Lecture 24 - JUSTGen: Effective Test Generation for Unspecified JNI Behaviors on JVMs
Lecture 25 - GenProg: A Generic Method for Automatic Software Repair
Hot Takes
- Not clear from the paper why this is the right approach to generate patches
- “It’s a large search space”
- By the construction of the search space, need to use a meta heuristic technique like GP - but still may have some important design decisions that are not evaluated
- Would this approach do WORSE on smaller programs, where it’s less likely that you can “find” the fix in the code?
- What about a baseline comparison to static bounds check analysis?
Construction of the problem space
- Q: what is the problem that GenProg aims to address?
- “How to automatically* fix+ bugs#”
- What is automated about the problem?
- Developer need not create the patch, and need not minimize those patches
- Developer must provide an oracle, in the form of test cases. Functionality that doesn’t have a test case is likely to be removed. (“Beyonce Rule”)
- What kinds of fixes do they consider valid?
- Fix is defined as something that passes all of the test cases
- Do not consider fixes that require creating entirely new code - only consider fixes that remove statements or copy statements. Do not consider changes to expressions. Do not consider creating new code.
- Fix must be in code that is executed by the failing test case
- What kinds of bugs do they target?
- Evaluation targets “eight types” of bugs: infinite loop, seg fault, remote heap buffer overflow, DoS, stack overflow, integer overflow, format string vulnerabilities
- “Generic” approach though
- Bug might need to be localizable to a single location, be a deterministic failure
Why is this hard to do?
- “It’s a large search space”
Q: What was fault localization at the time?
- Seminal work: Jim Jones “Tarantula” - “spectrum-based fault localization” (SBFL)
- SBFL tries to solve this problem: “Given a set of passing tests, and a set of failing tests (which reveal a bug), can we automatically determine which line of code has the bug on it?”
- Approach: Find all of the statements covered by failings tests, find all of the statements covered by non-failing tests; highlight statements to indicate which are covered more by failing or more by passing test cases
- Intuition: If there are statements that are executed only by failing test, maybe likely that the bug is there
Q: what is the solution to “the search space is really big”?
- Operate at the statement level instead of expression level
- Transplant code rather than generate code
- Localizes the likely fix location to be within code that is executed more by the failing test case
Q: What do we think about these heuristics?
- “Statement level” - is this necessary to avoid exploring unimportant changes, or: does this serve more to simplify implementation?
- Given AST representation, why no AST-level mutations/crossover?
- Other approach - 2009: “ASSURE: Automatic Software Self-healing Using REscue points” - Find code that you think is likely to be handling similar errors elsewhere, transplant that code
- Heuristics are hard here because it is difficult to measure incremental progress towards a repair
- Fitness function in GenProg is a weighted sum of passing test cases and failing test cases
Representation of program as AST + Weighted Path
- Weighted path is a sequence of (Statement, weight)
- Each statement in program appears exactly once, even if occurs many times on path
- Order of statements in weighted path is order that they were first encountered when executing the original program
- Q: Why does the order matter?
- For crossover? But need to re-generate weights anyway for each variant
Selection & Genetic operators
- “Program variant” - individuals in this population
- Delete statements, add statement from elsewhere in program
- Crossover: Every surviving variant in population undergoes crossover (?)
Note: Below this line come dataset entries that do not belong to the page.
lemma transfer_op_holomorphic:
  assumes "open S" and "\<forall>l\<in>{1..d}. \<phi> l holomorphic_on S" and "\<forall>l\<in>{1..d}. \<phi> l ` S \<subseteq> U"
    and "h holomorphic_on U"
  shows "transfer_op d \<phi> h holomorphic_on S"
  unfolding transfer_op_def
proof (intro holomorphic_on_sum ballI holomorphic_intros)
  fix l
  assume "l \<in> {1..d}"
  then have "\<phi> l holomorphic_on S" "\<phi> l ` S \<subseteq> U"
    using assms(2,3) by auto
  then show "(\<lambda>z. h (\<phi> l z)) holomorphic_on S"
    using holomorphic_on_compose_gen[OF _ assms(4)] by (simp add: o_def)
  show "\<phi> l holomorphic_on S"
    by fact
qed (use assms(1) in auto)

lemma transfer_op_diff: "transfer_op d \<phi> f - transfer_op d \<phi> g = transfer_op d \<phi> (f - g)"
  unfolding transfer_op_def fun_diff_def by (simp add: algebra_simps flip: sum_subtractf)

lemma norm_transfer_op_le:
  assumes "\<And>l. l \<in> {1..d} \<Longrightarrow> cmod (h (\<phi> l z)) \<le> B"
  shows "cmod (transfer_op d \<phi> h z) \<le> B * (\<Sum>l=1..d. cmod (deriv (\<phi> l) z))"
proof -
  have "cmod (transfer_op d \<phi> h z)
      \<le> (\<Sum>l=1..d. cmod (sgn (deriv (\<phi> l) 0)) * (cmod (deriv (\<phi> l) z) * cmod (h (\<phi> l z))))"
    unfolding transfer_op_def by (rule order_trans[OF norm_sum]) (simp add: norm_mult mult.assoc)
  also have "\<dots> \<le> (\<Sum>l=1..d. 1 * (cmod (deriv (\<phi> l) z) * B))"
  proof (rule sum_mono)
    fix l
    assume "l \<in> {1..d}"
    then show "cmod (sgn (deriv (\<phi> l) 0)) * (cmod (deriv (\<phi> l) z) * cmod (h (\<phi> l z)))
        \<le> 1 * (cmod (deriv (\<phi> l) z) * B)"
      using assms by (intro mult_mono mult_left_mono) (simp_all add: norm_sgn)
  qed
  finally show ?thesis
    by (simp add: sum_distrib_left mult.commute)
qed

lemma taylor_remainder_0: "f - taylor_proj 0 f = f"
  by (simp add: taylor_proj_def fun_diff_def)

lemma ratio_powers_at_geometric_mean:
  fixes r R :: real
  assumes "0 < r" "0 < R"
  shows "(sqrt (R * r) / R) ^ N + (r / sqrt (R * r)) ^ N = 2 * (r / R) powr (real N / 2)"
proof -
  have "sqrt (r / R) = sqrt (R * r) / R" "sqrt (r / R) = r / sqrt (R * r)"
    using assms by (auto intro!: real_sqrt_unique simp: power_divide power2_eq_square)
  moreover have "sqrt (r / R) ^ N = (r / R) powr (real N / 2)"
    using assms by (simp add: powr_half_sqrt [symmetric] powr_power)
  ultimately show ?thesis
    by simp
qed

locale contracting_branches =
  fixes d :: nat and \<phi> :: "nat \<Rightarrow> complex \<Rightarrow> complex" and r \<rho> R :: real
  assumes branch_holomorphic: "\<forall>l\<in>{1..d}. \<phi> l holomorphic_on ball 0 R"
    and branch_into: "\<forall>l\<in>{1..d}. \<phi> l ` ball 0 R \<subseteq> ball 0 r"
    and radii: "0 < r" "r < \<rho>" "\<rho> < R"
begin

abbreviation L where "L \<equiv> transfer_op d \<phi>"

lemma L_holomorphic: "h holomorphic_on ball 0 r \<Longrightarrow> L h holomorphic_on ball 0 R"
  using branch_holomorphic branch_into by (intro transfer_op_holomorphic) auto

lemma H2_holomorphic_on_inner_ball: "f \<in> H2 \<rho> \<Longrightarrow> f holomorphic_on ball 0 r"
  using radii by (auto simp: H2_def intro: holomorphic_on_subset)

lemma norm_L_taylor_remainder_le:
  assumes f: "f \<in> H2 \<rho>" and z: "z \<in> ball 0 R"
  shows "cmod (L (f - taylor_proj N f) z)
    \<le> \<rho> / sqrt (\<rho>\<^sup>2 - r\<^sup>2) * (r / \<rho>) ^ N * h2norm \<rho> f * (\<Sum>l=1..d. cmod (deriv (\<phi> l) z))"
proof (rule norm_transfer_op_le)
  fix l
  assume "l \<in> {1..d}"
  then have "\<phi> l z \<in> ball 0 r"
    using branch_into z by blast
  then have "cmod (\<phi> l z) \<le> r"
    by simp
  then show "cmod ((f - taylor_proj N f) (\<phi> l z)) \<le> \<rho> / sqrt (\<rho>\<^sup>2 - r\<^sup>2) * (r / \<rho>) ^ N * h2norm \<rho> f"
    using norm_H2_taylor_remainder_le[OF f] radii by simp
qed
- Take population, pick half of it, do cross-over with that half and the other half (?)
- Selection: stochastic universal sampling is parameterized, compare to EvoSuite’ selection strategy. On larger test suites (more test cases) a different selection strategy might do better to discriminate between variants that are better - look back to EvoSuite’s approach
Fitness function
- Some of the tests might be harder to pass than others, so weighting all of the tests equally may not do a great job of representing the fitness of a patch. “Fitness sharing” is a common GP approach to identify and boost fitness for cases like that
- As-is, the fitness function might be most useful for preventing “nearly right” variants from becoming “very wrong” than for helping the “nearly right” get all of the way
Repair minimization
- As we talked about with EvoSuite, bloat becomes a problem
- “Delta debugging as an evolutionary algorithm”
- Delta debugging guarantees one-minimal patch, but might still have lots of redundancies - the EA approach could do better (or, could not)
Repair Descriptions
Are these “diverse” bugs?
- Most overflow and overflow related bugs boil down to a missing bounds check
Where did this set of bugs come from? Is this a fair evaluation set?
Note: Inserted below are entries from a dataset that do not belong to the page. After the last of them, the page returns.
lemma bd_degen_gen:
  assumes "(\<pi> ^^ N) = id" and "0 < N" and len: "length ys + 2 + length zs = n"
  shows "bd \<alpha> \<beta> (degen_gen \<pi> N ys x zs) \<in> degen_chains \<pi> N (n - 1)"
proof -
  let ?T = "\<lambda>i. face_chain \<alpha> \<beta> i (degen_gen \<pi> N ys x zs)"
  have "bd \<alpha> \<beta> (degen_gen \<pi> N ys x zs) = (\<Sum>i<n. frag_cmul ((-1) ^ Suc i) (?T i))"
    unfolding degen_gen_def using len by (intro bd_sum_eq_sum_face_chain) simp_all
  also have "\<dots> = (\<Sum>i\<in>{..<n} - {length ys, Suc (length ys)}. frag_cmul ((-1) ^ Suc i) (?T i))"
    using len face_chain_degen_gen_pair[OF assms(1,2)]
    by (intro alternating_sum_cancel_adjacent) auto
  also have "\<dots> \<in> degen_chains \<pi> N (n - 1)"
  proof (intro degen_chains_sum degen_chains_cmul_sign)
    fix i assume i: "i \<in> {..<n} - {length ys, Suc (length ys)}"
    show "?T i \<in> degen_chains \<pi> N (n - 1)"
    proof (cases "i < length ys")
      case True
      then show ?thesis
        using len by (simp add: face_chain_degen_gen_left degen_gen_diff_in_degen_chains
            face1_def face2_def)
    next
      case False
      then have "length ys + 2 \<le> i" and "i < n" using i by auto
      then obtain j where "i = length ys + 2 + j" and "j < length zs"
        using len by (metis add_less_cancel_left le_Suc_ex)
      then have "?T i = degen_gen \<pi> N ys x (face1 j zs)
                   - degen_gen \<pi> N (map (\<beta> (zs ! j)) ys) (\<beta> (zs ! j) x) (face2 \<alpha> \<beta> j zs)"
        by (simp only: face_chain_degen_gen_right)
      then show ?thesis
        using len \<open>j < length zs\<close>
        by (auto intro!: degen_gen_diff_in_degen_chains simp: face1_def face2_def)
    qed
  qed
  finally show ?thesis .
qed

theorem bd_degen_chains:
  assumes "(\<pi> ^^ N) = id" and "0 < N" and "c \<in> degen_chains \<pi> N n"
  shows "bd \<alpha> \<beta> c \<in> degen_chains \<pi> N (n - 1)"
  using assms(3)
proof (induction rule: degen_chains.induct)
  case zero
  then show ?case by (simp add: bd_def degen_chains.zero)
next
  case (gen ys zs x)
  then show ?case by (rule bd_degen_gen[OF assms(1,2)])
next
  case (diff a b)
  then show ?case by (simp add: bd_def frag_extend_diff degen_chains.diff)
qed

end

lemma augmented_birack_imp_birack_kink:
  assumes "augmented_birack G \<alpha> \<beta> \<alpha>b \<beta>b \<pi>"
  shows "birack_kink \<alpha> \<beta> \<pi>"
proof
  have "bij_subgroup G" and "\<alpha> x \<in> G" "\<beta> x \<in> G" for x
    using assms unfolding augmented_birack_def by blast+
  then show "inj (\<alpha> x)" "inj (\<beta> x)" for x
    unfolding bij_subgroup_def using bij_is_inj by blast+
  have exchange: "\<alpha> (\<alpha> x y) \<circ> \<alpha> x = \<alpha> (\<beta> y x) \<circ> \<alpha> y \<and>
                  \<beta> (\<alpha> x y) \<circ> \<alpha> x = \<alpha> (\<beta> y x) \<circ> \<beta> y \<and>
                  \<beta> (\<alpha> x y) \<circ> \<beta> x = \<beta> (\<beta> y x) \<circ> \<beta> y" for x y
    using assms unfolding augmented_birack_def by blast
  show "\<alpha> (\<pi> x) x = \<beta> x (\<pi> x)" for x
    using assms unfolding augmented_birack_def by blast
  show "\<alpha> (\<alpha> x y) (\<alpha> x z) = \<alpha> (\<beta> y x) (\<alpha> y z)"
    and "\<beta> (\<alpha> x y) (\<alpha> x z) = \<alpha> (\<beta> y x) (\<beta> y z)"
    and "\<beta> (\<alpha> x y) (\<beta> x z) = \<beta> (\<beta> y x) (\<beta> y z)" for x y z
    using exchange[of x y] by (metis comp_apply)+
qed

theorem mainTheorem12:
  fixes G :: "('x \<Rightarrow> 'x) set" and \<alpha> \<beta> \<alpha>b \<beta>b :: "'x \<Rightarrow> 'x \<Rightarrow> 'x" and \<pi> :: "'x \<Rightarrow> 'x"
  assumes "augmented_birack G \<alpha> \<beta> \<alpha>b \<beta>b \<pi>"
    and "\<exists>M>0. (\<pi> ^^ M) = id"
    and "N = characteristic \<pi>"
  shows "\<forall>n. \<forall>c\<in>degen_chains \<pi> N n. bd \<alpha> \<beta> c \<in> degen_chains \<pi> N (n - 1)"
proof -
  interpret birack_kink \<alpha> \<beta> \<pi>
    using assms(1) by (rule augmented_birack_imp_birack_kink)
  have "0 < N \<and> (\<pi> ^^ N) = id"
    unfolding assms(3) characteristic_def using assms(2) by (rule LeastI_ex)
  then show ?thesis using bd_degen_chains by blast
qed

end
- Nice to see selection of some programs that are also used as fuzzer targets: since it would be nice to hook up a fuzzer to a repair tool
- Toy examples?
- Problematic to create the tests yourself?
- Perhaps more problematic: such small test suites? What is the manual effort in selecting down this test suite compared to adding a bounds check by hand?
- Why only use the subset of tests? What bad things could happen if we included more passing tests?
- If you knew in advance where the fault was localized, you could take advantage of that (but presumably trust that this didn’t happen)
- 5.3 includes a discussion about the impact of test suite size
- Some details about how the test suite was selected to enable replication/reproduction would be cool
- Why only use the subset of tests? What bad things could happen if we included more passing tests?
- Perhaps more problematic: such small test suites? What is the manual effort in selecting down this test suite compared to adding a bounds check by hand?
- Able to repair all faults (all were pre-known bugs)
- Would it be nice to compare the auto-generated patches to the developer-created patches?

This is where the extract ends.